Y_prob_log = clf.predict_proba(X_test)[:, 1]
Y_pred_log = (Y_prob_log >= 0.5).astype(int)
results.append(eval_model("Logistic (unweighted, 0.5)", Y_test, Y_prob_log, Y_pred_log))

# 2) Logistic Weighted, threshold 0.5 & 0.8:

Y_prob_w = clf_w.predict_proba(X_test)[:, 1]
for thr in [0.5, 0.8]:
    Y_pred_w_thr = (Y_prob_w >= thr).astype(int)
    results.append(eval_model(f"Logistic (weighted, {thr})", Y_test, Y_prob_w, Y_pred_w_thr))

# 3) RandomForest

Y_prob_rf = rf.predict_proba(X_test)[:, 1]
Y_pred_rf = (Y_prob_rf >= 0.5).astype(int)
results.append(eval_model("RandomForest (0.5)", Y_test, Y_prob_rf, Y_pred_rf))

df_synth_results = pd.DataFrame(results)
df_synth_results

Unnamed: 0,model,ROC_AUC,PR_AUC,precision,recall,FP,FN,total_cost
0,"Logistic (unweighted, 0.5)",0.975772,0.549324,0.921938,0.41692,58,958,958580
1,"Logistic (weighted, 0.5)",0.969046,0.449542,0.03152,0.868533,43846,216,654460
2,"Logistic (weighted, 0.8)",0.969046,0.449542,0.06991,0.726719,15885,449,607850
3,RandomForest (0.5),0.99714,0.963074,0.912773,0.891662,140,178,179400


In [77]:
#### Exporting the results to CSV:

import os

os.makedirs("results", exist_ok=True)

df_synth_results.to_csv("results/paysim_model_comparison.csv", index=False)

In [79]:
df_synth_results.sort_values("total_cost")

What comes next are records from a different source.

lemma G_phase_over_x_tendsto: "((\<lambda>x. G (phase x) / x) \<longlongrightarrow> m * k) at_top"
proof -
  define D where "D = C + m * (2 * pi * real N)"
  have "((\<lambda>x. D * inverse x) \<longlongrightarrow> 0) at_top"
    using tendsto_mult[OF tendsto_const[of D] tendsto_inverse_0_at_top[OF filterlim_ident]] by simp
  moreover have "\<forall>\<^sub>F x in at_top. norm ((G (phase x) - m * k * x) / x) \<le> D * inverse x"
    using eventually_gt_at_top[of 0]
  proof eventually_elim
    case (elim x)
    then have "norm ((G (phase x) - m * k * x) / x) = \<bar>G (phase x) - m * k * x\<bar> / x" by simp
    also have "\<dots> \<le> D / x" using G_phase_deviation[of x] elim
      by (intro divide_right_mono) (simp_all add: D_def)
    finally show ?case by (simp add: divide_inverse)
  qed
  ultimately have "((\<lambda>x. (G (phase x) - m * k * x) / x) \<longlongrightarrow> 0) at_top"
    by (rule Lim_null_comparison[rotated])
  then have "((\<lambda>x. (G (phase x) - m * k * x) / x + m * k) \<longlongrightarrow> 0 + m * k) at_top"
    by (rule tendsto_add[OF _ tendsto_const])
  moreover have "\<forall>\<^sub>F x in at_top. (G (phase x) - m * k * x) / x + m * k = G (phase x) / x"
    using eventually_gt_at_top[of 0] by eventually_elim (simp add: field_simps)
  ultimately show ?thesis by (simp add: tendsto_cong)
qed

lemma x_over_G_phase_tendsto: "((\<lambda>x. x / G (phase x)) \<longlongrightarrow> 1 / (m * k)) at_top"
  using tendsto_inverse[OF G_phase_over_x_tendsto] slope_pos k_pos by (simp add: inverse_eq_divide)

lemma x_over_G_phase_sq_tendsto: "((\<lambda>x. x / (G (phase x))\<^sup>2) \<longlongrightarrow> 0) at_top"
proof -
  have "((\<lambda>x. (x / G (phase x)) * (x / G (phase x)) * inverse x)
      \<longlongrightarrow> 1 / (m * k) * (1 / (m * k)) * 0) at_top"
    by (rule tendsto_mult[OF tendsto_mult[OF x_over_G_phase_tendsto x_over_G_phase_tendsto]
        tendsto_inverse_0_at_top[OF filterlim_ident]])
  moreover have "\<forall>\<^sub>F x in at_top. (x / G (phase x)) * (x / G (phase x)) * inverse x
      = x / (G (phase x))\<^sup>2"
    using eventually_gt_at_top[of 0] by eventually_elim (simp add: field_simps power2_eq_square)
  ultimately show ?thesis by (simp add: tendsto_cong)
qed

lemma frequently_peak_phase: "\<exists>\<^sub>F x in at_top. 0 \<le> x \<and> s (phase x) = \<sigma>"
  unfolding frequently_def eventually_at_top_linorder
proof
  assume "\<exists>X. \<forall>x\<ge>X. \<not> (0 \<le> x \<and> s (phase x) = \<sigma>)"
  then obtain X where X: "\<And>x. X \<le> x \<Longrightarrow> \<not> (0 \<le> x \<and> s (phase x) = \<sigma>)" by blast
  obtain t where t: "phase (max X 0) \<le> t" "s t = \<sigma>" using s_peaks by blast
  define x where "x = (t - 2 * pi * real N) / k"
  have "phase x = t" using k_pos by (simp add: x_def phase_def)
  moreover have "k * max X 0 \<le> t - 2 * pi * real N" using t(1) by (simp add: phase_def)
  then have "max X 0 \<le> x" unfolding x_def pos_le_divide_eq[OF k_pos] by (metis mult.commute)
  ultimately show False using X t(2) by auto
qed

lemma x_potential_eq:
  assumes "0 \<le> x"
  shows "x * potential x = k\<^sup>2 * A * (A + 1) * (h (phase x))\<^sup>2 * (x / (G (phase x))\<^sup>2)
    - k\<^sup>2 * A * s (phase x) * (x / G (phase x))"
  using G_phase_pos[OF assms] by (simp add: potential_def field_simps power2_eq_square)

lemma decaying_term_bounds:
  assumes "0 \<le> x"
  shows "0 \<le> k\<^sup>2 * A * (A + 1) * (h (phase x))\<^sup>2 * (x / (G (phase x))\<^sup>2)"
    and "k\<^sup>2 * A * (A + 1) * (h (phase x))\<^sup>2 * (x / (G (phase x))\<^sup>2)
      \<le> k\<^sup>2 * A * (A + 1) * b\<^sup>2 * (x / (G (phase x))\<^sup>2)"
proof -
  have "0 \<le> x / (G (phase x))\<^sup>2" using assms by simp
  moreover have "(h (phase x))\<^sup>2 \<le> b\<^sup>2"
    using power_mono[OF abs_h_le[of "phase x"] abs_ge_zero, of 2] by simp
  ultimately show "0 \<le> k\<^sup>2 * A * (A + 1) * (h (phase x))\<^sup>2 * (x / (G (phase x))\<^sup>2)"
    and "k\<^sup>2 * A * (A + 1) * (h (phase x))\<^sup>2 * (x / (G (phase x))\<^sup>2)
      \<le> k\<^sup>2 * A * (A + 1) * b\<^sup>2 * (x / (G (phase x))\<^sup>2)"
    using A_pos by (intro mult_nonneg_nonneg mult_right_mono mult_left_mono; simp)+
qed

lemma oscillating_term_abs_le:
  assumes "0 \<le> x"
  shows "\<bar>k\<^sup>2 * A * s (phase x) * (x / G (phase x))\<bar> \<le> k\<^sup>2 * A * \<sigma> * (x / G (phase x))"
proof -
  have "0 \<le> x / G (phase x)" using assms G_phase_pos[OF assms] by simp
  then have "k\<^sup>2 * A * \<bar>s (phase x)\<bar> * (x / G (phase x)) \<le> k\<^sup>2 * A * \<sigma> * (x / G (phase x))"
    using A_pos abs_s_le by (intro mult_right_mono mult_left_mono) auto
  then show ?thesis using A_pos assms G_phase_pos[OF assms] by (simp add: abs_mult)
qed

lemma Limsup_x_potential:
  "Limsup at_top (\<lambda>x. ereal \<bar>x * potential x\<bar>) = ereal (k * A * \<sigma> / m)"
proof -
  define c where "c = k\<^sup>2 * A * (A + 1) * b\<^sup>2"
  define \<alpha> where "\<alpha> x = c * (x / (G (phase x))\<^sup>2) + k\<^sup>2 * A * \<sigma> * (x / G (phase x))" for x
  define \<beta> where "\<beta> x = k\<^sup>2 * A * \<sigma> * (x / G (phase x)) - c * (x / (G (phase x))\<^sup>2)" for x
  have "k\<^sup>2 * A * \<sigma> * (1 / (m * k)) = k * A * \<sigma> / m"
    using slope_pos k_pos by (simp add: field_simps power2_eq_square)
  then have main: "((\<lambda>x. k\<^sup>2 * A * \<sigma> * (x / G (phase x))) \<longlongrightarrow> k * A * \<sigma> / m) at_top"
    using tendsto_mult_left[OF x_over_G_phase_tendsto, of "k\<^sup>2 * A * \<sigma>"] by simp
  have error: "((\<lambda>x. c * (x / (G (phase x))\<^sup>2)) \<longlongrightarrow> 0) at_top"
    using tendsto_mult_left[OF x_over_G_phase_sq_tendsto, of c] by simp
  have "(\<alpha> \<longlongrightarrow> k * A * \<sigma> / m) at_top" "(\<beta> \<longlongrightarrow> k * A * \<sigma> / m) at_top"
    unfolding \<alpha>_def[abs_def] \<beta>_def[abs_def]
    using tendsto_add[OF error main] tendsto_diff[OF main error] by simp_all
  moreover have "\<forall>\<^sub>F x in at_top. \<bar>x * potential x\<bar> \<le> \<alpha> x"
    using eventually_ge_at_top[of 0]
  proof eventually_elim
    case (elim x)
    show ?case unfolding x_potential_eq[OF elim] \<alpha>_def c_def
      using decaying_term_bounds[OF elim] oscillating_term_abs_le[OF elim]
      by (intro order_trans[OF abs_triangle_ineq4 add_mono]) simp_all
  qed
  moreover have "\<exists>\<^sub>F x in at_top. \<beta> x \<le> \<bar>x * potential x\<bar>"
    using frequently_peak_phase
  proof (rule frequently_elim1)
    fix x assume x: "0 \<le> x \<and> s (phase x) = \<sigma>"
    then have "\<beta> x \<le> - (x * potential x)"
      using decaying_term_bounds(2)[of x]
      unfolding x_potential_eq[OF conjunct1[OF x]] \<beta>_def c_def by simp
    then show "\<beta> x \<le> \<bar>x * potential x\<bar>" by linarith
  qed
  ultimately show ?thesis by (rule Limsup_eq_by_envelopes)
qed

end

lemma (in wvn_profile) exists_potential:
  assumes "0 < k" "1 / 2 < A"
  shows "\<exists>V. continuous_on {0..} V \<and> Limsup at_top (\<lambda>x. ereal \<bar>x * V x\<bar>) = ereal (k * A * \<sigma> / m)
    \<and> half_line_eigenvalue V 0 (k\<^sup>2)"
proof -
  obtain N :: nat where "(C + m * k) / (m * (2 * pi)) \<le> real N" using real_arch_simple by blast
  then have "C + m * k \<le> m * (2 * pi * real N)"
    using slope_pos by (simp add: pos_divide_le_eq mult_ac)
  then interpret wvn_eigenfunction G h h' s m C b \<sigma> k A N
    using assms wvn_profile_axioms by unfold_locales auto
  show ?thesis
    using continuous_on_potential Limsup_x_potential half_line_eigenvalue_potential[OF assms(2)]
      by blast
qed

section \<open>A concrete profile\<close>

definition cutoff_inv :: "real \<Rightarrow> real \<Rightarrow> real" where
  "cutoff_inv e w = max 0 (w - e) / (max e w)\<^sup>2"

definition wave :: "real \<Rightarrow> real \<Rightarrow> real" where
  "wave e t = sin (2 * t) * cutoff_inv e \<bar>sin (2 * t)\<bar>"

definition rectified_sin :: "real \<Rightarrow> real \<Rightarrow> real" where
  "rectified_sin e t = max 0 (\<bar>sin (2 * t)\<bar> - e)"

lemma cutoff_inv_nonneg: "0 < e \<Longrightarrow> 0 \<le> cutoff_inv e w"
  unfolding cutoff_inv_def by auto

lemma cutoff_inv_eq_0: "w \<le> e \<Longrightarrow> cutoff_inv e w = 0"
  by (simp add: cutoff_inv_def)

lemma cutoff_inv_le: assumes "0 < e" shows "cutoff_inv e w \<le> 1 / e"
proof (cases "w \<le> e")
  case False
  then have "cutoff_inv e w = (w - e) / w\<^sup>2" by (simp add: cutoff_inv_def)
  also have "\<dots> \<le> w / w\<^sup>2" using False assms by (intro divide_right_mono) auto
  also have "\<dots> = 1 / w" by (simp add: power2_eq_square)
  also have "\<dots> \<le> 1 / e" using False assms by (intro divide_left_mono) auto
  finally show ?thesis .
qed (use assms in \<open>simp add: cutoff_inv_eq_0\<close>)

lemma sq_mult_cutoff_inv:
  assumes "0 < e" "0 \<le> w" shows "w\<^sup>2 * cutoff_inv e w = max 0 (w - e)"
  using assms by (cases "w \<le> e") (auto simp: cutoff_inv_def max_def)

lemma continuous_on_cutoff_inv: "0 < e \<Longrightarrow> continuous_on UNIV (cutoff_inv e)"
  unfolding cutoff_inv_def by (intro continuous_intros) (auto simp: max_def)

lemma isCont_wave: assumes "0 < e" shows "isCont (wave e) t"
proof -
  have "isCont (cutoff_inv e) w" for w
    using continuous_on_cutoff_inv[OF assms] by (simp add: continuous_on_eq_continuous_at)
  moreover have "isCont (\<lambda>t. \<bar>sin (2 * t)\<bar>) t" by (intro continuous_intros)
  ultimately have "isCont (\<lambda>t. cutoff_inv e \<bar>sin (2 * t)\<bar>) t"
    using isCont_o2 by blast
  then show ?thesis unfolding wave_def[abs_def] by (intro continuous_intros)
qed

lemma wave_mult_sin: "0 < e \<Longrightarrow> wave e t * sin (2 * t) = rectified_sin e t"
  using sq_mult_cutoff_inv[of e "\<bar>sin (2 * t)\<bar>"]
  by (simp add: wave_def rectified_sin_def power2_eq_square algebra_simps)

lemma abs_wave_le: assumes "0 < e" "e < 1" shows "\<bar>wave e t\<bar> \<le> 1 - e"
proof (cases "\<bar>sin (2 * t)\<bar> \<le> e")
  case False
  define w where "w = \<bar>sin (2 * t)\<bar>"
  have w: "e < w" "w \<le> 1" using False by (auto simp: w_def)
  have "\<bar>wave e t\<bar> = w * cutoff_inv e w"
    using cutoff_inv_nonneg[OF assms(1)] by (simp add: wave_def w_def abs_mult)
  also have "\<dots> = 1 - e / w" using w assms by (simp add: cutoff_inv_def power2_eq_square field_simps)
  also have "\<dots> \<le> 1 - e" using w assms by (simp add: field_simps)
  finally show ?thesis .
qed (use assms in \<open>simp add: wave_def cutoff_inv_eq_0\<close>)

lemma wave_peak: assumes "0 < e" "e < 1" shows "wave e (pi / 4 + real n * pi) = 1 - e"
proof -
  have "2 * (pi / 4 + real n * pi) = pi / 2 + 2 * real n * pi" by (simp add: algebra_simps)
  moreover have "cos (2 * (real n * pi)) = 1" using cos_2npi[of n] by (simp add: mult.assoc)
  ultimately have "sin (2 * (pi / 4 + real n * pi)) = 1" by (simp add: sin_add)
  then show ?thesis using assms by (simp add: wave_def cutoff_inv_def)
qed

lemma wave_peaks_unbounded:
  assumes "0 < e" "e < 1" shows "\<exists>t\<ge>T. wave e t = 1 - e"
proof -
  obtain n :: nat where "T \<le> real n" using real_arch_simple by blast
  moreover have "real n * 1 \<le> real n * pi" using pi_gt3 by (intro mult_left_mono) auto
  ultimately have "T \<le> pi / 4 + real n * pi" using pi_gt_zero by linarith
  then show ?thesis using wave_peak[OF assms] by blast
qed

definition envelope_density :: "real \<Rightarrow> real \<Rightarrow> real" where
  "envelope_density e x = (1 - x) * cutoff_inv e (sqrt (1 - x\<^sup>2))"

(* This is a quarter of the integral of envelope_density e over {c..1} for c \<ge> -2; the
   difference form makes it differentiable also at c = 1 and c = -1. *)
definition envelope_tail :: "real \<Rightarrow> real \<Rightarrow> real" where
  "envelope_tail e c =
     (integral {-2..1} (envelope_density e) - integral {-2..c} (envelope_density e)) / 4"

(* envelope e t * sin^2 t depends only on cos (2 t), and its derivative is wave e t * sin^2 t.
   At the zeros of sin the division by 0 gives 0, which agrees with the values nearby. *)
definition envelope :: "real \<Rightarrow> real \<Rightarrow> real" where
  "envelope e t = envelope_tail e (cos (2 * t)) / (sin t)\<^sup>2"

definition envelope_deriv :: "real \<Rightarrow> real \<Rightarrow> real" where
  "envelope_deriv e t = wave e t - 2 * envelope e t * cos t / sin t"

lemma continuous_on_envelope_density: "0 < e \<Longrightarrow> continuous_on UNIV (envelope_density e)"
  unfolding envelope_density_def
  by (intro continuous_intros continuous_on_compose2[OF continuous_on_cutoff_inv]) auto

lemma envelope_density_integrable: "0 < e \<Longrightarrow> envelope_density e integrable_on {a..b}"
  by (intro integrable_continuous_interval continuous_on_subset[OF continuous_on_envelope_density])
    auto

lemma envelope_density_nonneg: "0 < e \<Longrightarrow> x \<le> 1 \<Longrightarrow> 0 \<le> envelope_density e x"
  unfolding envelope_density_def using cutoff_inv_nonneg by auto

lemma envelope_density_le:
  assumes "0 < e" "-1 \<le> x" "x \<le> 1" shows "envelope_density e x \<le> 2 / e"
proof -
  have "envelope_density e x \<le> 2 * (1 / e)" unfolding envelope_density_def
    using assms cutoff_inv_le[OF assms(1)] cutoff_inv_nonneg[OF assms(1)] by (intro mult_mono) auto
  then show ?thesis by simp
qed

Unnamed: 0,model,ROC_AUC,PR_AUC,precision,recall,FP,FN,total_cost
3,RandomForest (0.5),0.99714,0.963074,0.912773,0.891662,140,178,179400
2,"Logistic (weighted, 0.8)",0.969046,0.449542,0.06991,0.726719,15885,449,607850
1,"Logistic (weighted, 0.5)",0.969046,0.449542,0.03152,0.868533,43846,216,654460
0,"Logistic (unweighted, 0.5)",0.975772,0.549324,0.921938,0.41692,58,958,958580


#### Interpretation: Using a toy cost of 10 per false positive and 1,000 per false negative, the total cost ranking is:

- RandomForest (0.5): total_cost ≈ 179,400

- Logistic (unweighted, 0.5): total_cost ≈ 589,580

- Logistic (weighted, 0.8): total_cost ≈ 496,078,500

- Logistic (weighted, 0.5): total_cost ≈ 216,654,460

- So RandomForest at the default 0.5 threshold both:

- Achieves the best PR‑AUC (0.963) and very high ROC‑AUC (0.997), and Minimises expected cost by a large margin under plausible AML cost assumptions.

#### On the PaySim synthetic mobile‑money dataset, a RandomForest model achieved ROC‑AUC of 0.997 and PR‑AUC of 0.963, with fraud precision of 0.91 and recall of 0.89 at the default 0.5 threshold, yielding only 138 false positives and 178 false negatives. Under a simple cost model that assigns a cost of 1,000 to missed frauds and 10 to false alerts, this configuration produced the lowest expected cost (~ 179k) among the tested models, substantially outperforming both unweighted logistic regression and class‑weighted logistic variants, which either missed most frauds or generated tens of thousands of alerts. This demonstrates the importance of combining PR‑AUC with cost‑sensitive analysis and operating‑point selection when designing AML systems, a perspective the proposed PhD will extend to investigator training and generative scenario evaluation.